Your task |
State the number of lines in the following data that include the word "else", with no other text.

Collected data:
(* Let $n\geq3$ and let $\lambda=\langle\lambda_1,\dots,\lambda_k\rangle$ be a composition of $n-1$ with $\lambda_1\geq2$ and $\lambda_k\geq2$. If $\lambda_j>\lambda_1+1$ for some $j\in\{2,\dots,k\}$, then the matrix $H_\lambda$ is not a minimal matrix representation, i.e. the $n\times(n+1)$ matrix $[0\,|\,H_\lambda]$ obtained by prepending a zero column is not a minimal matrix representation.
   Context: Definition of $H_\lambda$: partition the rows $1,\dots,n$ into consecutive blocks $R_0=\{1\},R_1,\dots,R_k$ with $|R_j|=\lambda_j$, and the columns $1,\dots,n$ into consecutive blocks $C_1,\dots,C_k,C_{k+1}=\{n\}$ with $|C_j|=\lambda_j$ for $j\le k$. $H_\lambda$ is the $n\times n$ $0/1$-matrix whose block $(R_j,C_j)$ is $I_{\lambda_j}$ for $1\le j\le k$, whose blocks $(R_i,C_j)$ with $i>j$ are zero, and whose blocks $(R_i,C_j)$ with $0\le i<j\le k+1$ are all ones if $j-i$ is odd and all zeros if $j-i$ is even. Minimal matrix representation: for $x\in\{0,1\}^n$ its column number is $(2^0,2^1,\dots,2^{n-1})x$; for an $n\times m$ $0/1$-matrix $P$ with distinct columns, $\nu(P)$ is the increasingly sorted vector of its column numbers. $P$ is a minimal matrix representation if its column numbers are strictly increasing from left to right and $\nu(P)\preceq\nu(Q)$ lexicographically for every $Q$ obtained from $P$ by complementing (exchanging $0\leftrightarrow1$) the entries of some subset of rows and then permuting rows. *)

theory Defs
  imports Main
begin

text \<open>Conventions: matrices are functions nat => nat => nat with 0/1 entries,
  rows and columns indexed from 0. Row i (0-indexed) gets weight 2^i, so the
  paper's row 1 has weight 2^0. A composition is a list lam of positive
  naturals; lam ! (j-1) is the paper's lambda_j.\<close>

definition pstart :: "nat list \<Rightarrow> nat \<Rightarrow> nat" where
  "pstart lam j = sum_list (take j lam)"

text \<open>Block (1-based, as in the paper) containing position x of 0..sum lam - 1.\<close>
definition blk :: "nat list \<Rightarrow> nat \<Rightarrow> nat" where
  "blk lam x = Suc (LEAST j. x < pstart lam (Suc j))"

text \<open>Row block: row 0 is R_0 = {1}; row r >= 1 lies in R_a with a = blk lam (r-1).\<close>
definition rowblk :: "nat list \<Rightarrow> nat \<Rightarrow> nat" where
  "rowblk lam r = (if r = 0 then 0 else blk lam (r - 1))"

definition rowoff :: "nat list \<Rightarrow> nat \<Rightarrow> nat" where
  "rowoff lam r = (r - 1) - pstart lam (rowblk lam r - 1)"

text \<open>Column block: column c < n-1 lies in C_b with b = blk lam c; the last column is C_{k+1}.\<close>
definition colblk :: "nat list \<Rightarrow> nat \<Rightarrow> nat" where
  "colblk lam c = (if c < sum_list lam then blk lam c else Suc (length lam))"

definition coloff :: "nat list \<Rightarrow> nat \<Rightarrow> nat" where
  "coloff lam c = c - pstart lam (colblk lam c - 1)"

definition Hmat :: "nat list \<Rightarrow> nat \<Rightarrow> nat \<Rightarrow> nat" where
  "Hmat lam r c =
     (let a = rowblk lam r; b = colblk lam c in
      if a = b then (if rowoff lam r = coloff lam c then 1 else 0)
      else if b < a then 0
      else if odd (b - a) then 1 else 0)"

definition zeroH :: "nat list \<Rightarrow> nat \<Rightarrow> nat \<Rightarrow> nat" where
  "zeroH lam r c = (if c = 0 then 0 else Hmat lam r (c - 1))"

definition colnum :: "nat \<Rightarrow> (nat \<Rightarrow> nat \<Rightarrow> nat) \<Rightarrow> nat \<Rightarrow> nat" where
  "colnum n P j = (\<Sum>i<n. P i j * 2 ^ i)"

definition nu :: "nat \<Rightarrow> nat \<Rightarrow> (nat \<Rightarrow> nat \<Rightarrow> nat) \<Rightarrow> nat list" where
  "nu n m P = sort (map (colnum n P) [0..<m])"

definition lex_le :: "nat list \<Rightarrow> nat list \<Rightarrow> bool" where
  "lex_le xs ys \<longleftrightarrow> xs = ys \<or> (xs, ys) \<in> lexord {(a, b). a < b}"

text \<open>Complement the rows in S, then permute rows by sigma (row i of the
  result is row sigma i of the complemented matrix).\<close>
definition comp_perm :: "(nat \<Rightarrow> nat) \<Rightarrow> nat set \<Rightarrow> (nat \<Rightarrow> nat \<Rightarrow> nat) \<Rightarrow> nat \<Rightarrow> nat \<Rightarrow> nat" where
  "comp_perm \<sigma> S P i j = (if \<sigma> i \<in> S then 1 - P (\<sigma> i) j else P (\<sigma> i) j)"

definition is_01 :: "nat \<Rightarrow> nat \<Rightarrow> (nat \<Rightarrow> nat \<Rightarrow> nat) \<Rightarrow> bool" where
  "is_01 n m P \<longleftrightarrow> (\<forall>i<n. \<forall>j<m. P i j \<in> {0, 1})"

definition minimal_rep :: "nat \<Rightarrow> nat \<Rightarrow> (nat \<Rightarrow> nat \<Rightarrow> nat) \<Rightarrow> bool" where
  "minimal_rep n m P \<longleftrightarrow>
     is_01 n m P \<and>
     sorted_wrt (<) (map (colnum n P) [0..<m]) \<and>
     (\<forall>\<sigma> S. bij_betw \<sigma> {..<n} {..<n} \<longrightarrow> S \<subseteq> {..<n} \<longrightarrow>
        lex_le (nu n m P) (nu n m (comp_perm \<sigma> S P)))"

end

theory Submission
  imports Defs "HOL-Number_Theory.Cong"
begin

text \<open>The first \<open>\<lambda>\<^sub>1 + 1\<close> columns of \<open>[0 | H\<^sub>\<lambda>]\<close> have the numbers
  \<open>0 < 2\<^sup>0 + 2\<^sup>1 < \<dots> < 2\<^sup>0 + 2\<^sup>\<lambda>\<^sub>1\<close>, and the next column has ones in the
  first rows of \<open>R\<^sub>1\<close> and of \<open>R\<^sub>2\<close>, so its number exceeds \<open>2\<^sup>0 + 2\<^sup>\<lambda>\<^sub>1\<^sup>+\<^sup>1\<close>.
  Take a block \<open>C\<^sub>j\<close> with \<open>\<lambda>\<^sub>j \<ge> \<lambda>\<^sub>1 + 2\<close> and complement the rows in which
  the first column of \<open>C\<^sub>j\<close> has a one: this adds that column to every column mod 2.
  Within \<open>C\<^sub>j\<close> the columns differ from the first one only on the identity block
  \<open>(R\<^sub>j, C\<^sub>j)\<close>, so the column of \<open>C\<^sub>j\<close> at offset \<open>t \<ge> 1\<close> turns into the column
  with ones exactly in the rows of \<open>R\<^sub>j\<close> at offsets \<open>0\<close> and \<open>t\<close>. After rotating the
  rows cyclically so that \<open>R\<^sub>j\<close> starts at the top, \<open>C\<^sub>j\<close> supplies the numbers
  \<open>0, 2\<^sup>0 + 2\<^sup>1, \<dots>, 2\<^sup>0 + 2\<^sup>\<lambda>\<^sub>1\<^sup>+\<^sup>1\<close>, so the new vector \<open>\<nu>\<close> is
  lexicographically smaller than the old one.\<close>

lemma pstart_0 [simp]: "pstart lam 0 = 0"
  by (simp add: pstart_def)

lemma pstart_Suc: "j < length lam \<Longrightarrow> pstart lam (Suc j) = pstart lam j + lam ! j"
  by (simp add: pstart_def take_Suc_conv_app_nth)

lemma pstart_1: "lam \<noteq> [] \<Longrightarrow> pstart lam 1 = lam ! 0"
  using pstart_Suc[of 0 lam] by simp

lemma pstart_mono: "i \<le> j \<Longrightarrow> pstart lam i \<le> pstart lam j"
  unfolding pstart_def by (metis append_take_drop_id le_add1 min.absorb1 sum_list_append take_take)

lemma pstart_le_sum_list: "pstart lam j \<le> sum_list lam"
  unfolding pstart_def by (metis append_take_drop_id le_add1 sum_list_append)

lemma pstart_add_nth_le_sum_list: "j < length lam \<Longrightarrow> pstart lam j + lam ! j \<le> sum_list lam"
  using pstart_Suc pstart_le_sum_list by metis

lemma blk_eqI:
  assumes "pstart lam j \<le> x" "x < pstart lam (Suc j)"
  shows "blk lam x = Suc j"
proof -
  have "(LEAST j'. x < pstart lam (Suc j')) = j"
  proof (rule Least_equality)
    fix j' assume "x < pstart lam (Suc j')"
    then show "j \<le> j'"
      using assms(1) pstart_mono[of "Suc j'" j lam] by linarith
  qed (rule assms(2))
  then show ?thesis by (simp add: blk_def)
qed

lemma blk_bounds:
  assumes "x < sum_list lam"
  shows "pstart lam (blk lam x - 1) \<le> x" "x < pstart lam (blk lam x)" "1 \<le> blk lam x"
proof -
  define b where "b = (LEAST j. x < pstart lam (Suc j))"
  have "x < pstart lam (Suc (length lam))"
    using assms by (simp add: pstart_def)
  then have upper: "x < pstart lam (Suc b)"
    unfolding b_def by (rule LeastI)
  have lower: "pstart lam b \<le> x"
  proof (cases b)
    case (Suc b')
    then have "\<not> x < pstart lam (Suc b')"
      unfolding b_def by (metis lessI not_less_Least)
    then show ?thesis using Suc by simp
  qed simp
  have "blk lam x = Suc b" by (simp add: blk_def b_def)
  then show "pstart lam (blk lam x - 1) \<le> x" "x < pstart lam (blk lam x)" "1 \<le> blk lam x"
    using lower upper by simp_all
qed

lemma colblk_coloff_eq:
  assumes "pstart lam j \<le> c" "c < pstart lam (Suc j)"
  shows "colblk lam c = Suc j" "coloff lam c = c - pstart lam j"
proof -
  have "c < sum_list lam"
    using assms(2) pstart_le_sum_list[of lam "Suc j"] by simp
  then show "colblk lam c = Suc j"
    using blk_eqI[OF assms] by (simp add: colblk_def)
  then show "coloff lam c = c - pstart lam j"
    by (simp add: coloff_def)
qed

lemma rowblk_rowoff_eq:
  assumes "pstart lam j < r" "r \<le> pstart lam (Suc j)"
  shows "rowblk lam r = Suc j" "rowoff lam r = r - 1 - pstart lam j"
proof -
  show "rowblk lam r = Suc j"
    using blk_eqI[of lam j "r - 1"] assms by (simp add: rowblk_def)
  then show "rowoff lam r = r - 1 - pstart lam j"
    by (simp add: rowoff_def)
qed

lemma zeroH_01: "zeroH lam r c \<in> {0, 1}"
  by (simp add: zeroH_def Hmat_def Let_def)

lemma Hmat_first_block:
  assumes "lam \<noteq> []" "r \<le> sum_list lam" "c < lam ! 0"
  shows "Hmat lam r c = (if r = 0 \<or> r = Suc c then 1 else 0)"
proof -
  have p1: "pstart lam 1 = lam ! 0"
    using pstart_1[OF assms(1)] .
  have col: "colblk lam c = 1" "coloff lam c = c"
    using colblk_coloff_eq[of lam 0 c] assms(3) p1 by simp_all
  consider "r = 0" | "0 < r" "r \<le> lam ! 0" | "lam ! 0 < r"
    by linarith
  then show ?thesis
  proof cases
    case 1
    then show ?thesis using col by (simp add: Hmat_def rowblk_def)
  next
    case 2
    then have "rowblk lam r = 1" "rowoff lam r = r - 1"
      using rowblk_rowoff_eq[of lam 0 r] p1 by simp_all
    then show ?thesis using col 2 by (auto simp: Hmat_def)
  next
    case 3
    have below: "r - 1 < sum_list lam" using 3 assms(2) by linarith
    have "rowblk lam r \<noteq> 1"
      using 3 blk_bounds(2)[OF below] p1 by (auto simp: rowblk_def)
    moreover have "1 \<le> rowblk lam r"
      using 3 blk_bounds(3)[OF below] by (simp add: rowblk_def)
    ultimately show ?thesis
      using col 3 assms(3) by (auto simp: Hmat_def Let_def)
  qed
qed

lemma Hmat_second_block_first_col:
  assumes "2 \<le> length lam" "\<forall>x\<in>set lam. 0 < x"
  shows "Hmat lam 1 (lam ! 0) = 1" "Hmat lam (Suc (lam ! 0)) (lam ! 0) = 1"
proof -
  have "lam \<noteq> []"
    using assms(1) by auto
  then have p1: "pstart lam 1 = lam ! 0"
    by (rule pstart_1)
  have p2: "pstart lam 2 = lam ! 0 + lam ! 1"
    using pstart_Suc[of 1 lam] assms(1) p1 by (simp add: numeral_2_eq_2)
  have "lam ! 0 \<in> set lam" "lam ! 1 \<in> set lam"
    using assms(1) by (auto intro!: nth_mem)
  then have pos: "0 < lam ! 0" "0 < lam ! 1"
    using assms(2) by simp_all
  have col: "colblk lam (lam ! 0) = 2" "coloff lam (lam ! 0) = 0"
    using colblk_coloff_eq[of lam 1 "lam ! 0"] p1 p2 pos by (auto simp: numeral_2_eq_2)
  have "rowblk lam 1 = 1"
    using rowblk_rowoff_eq[of lam 0 1] p1 pos by simp
  then show "Hmat lam 1 (lam ! 0) = 1"
    using col by (simp add: Hmat_def)
  have "rowblk lam (Suc (lam ! 0)) = 2" "rowoff lam (Suc (lam ! 0)) = 0"
    using rowblk_rowoff_eq[of lam 1 "Suc (lam ! 0)"] p1 p2 pos by (auto simp: numeral_2_eq_2)
  then show "Hmat lam (Suc (lam ! 0)) (lam ! 0) = 1"
    using col by (simp add: Hmat_def)
qed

Result |
8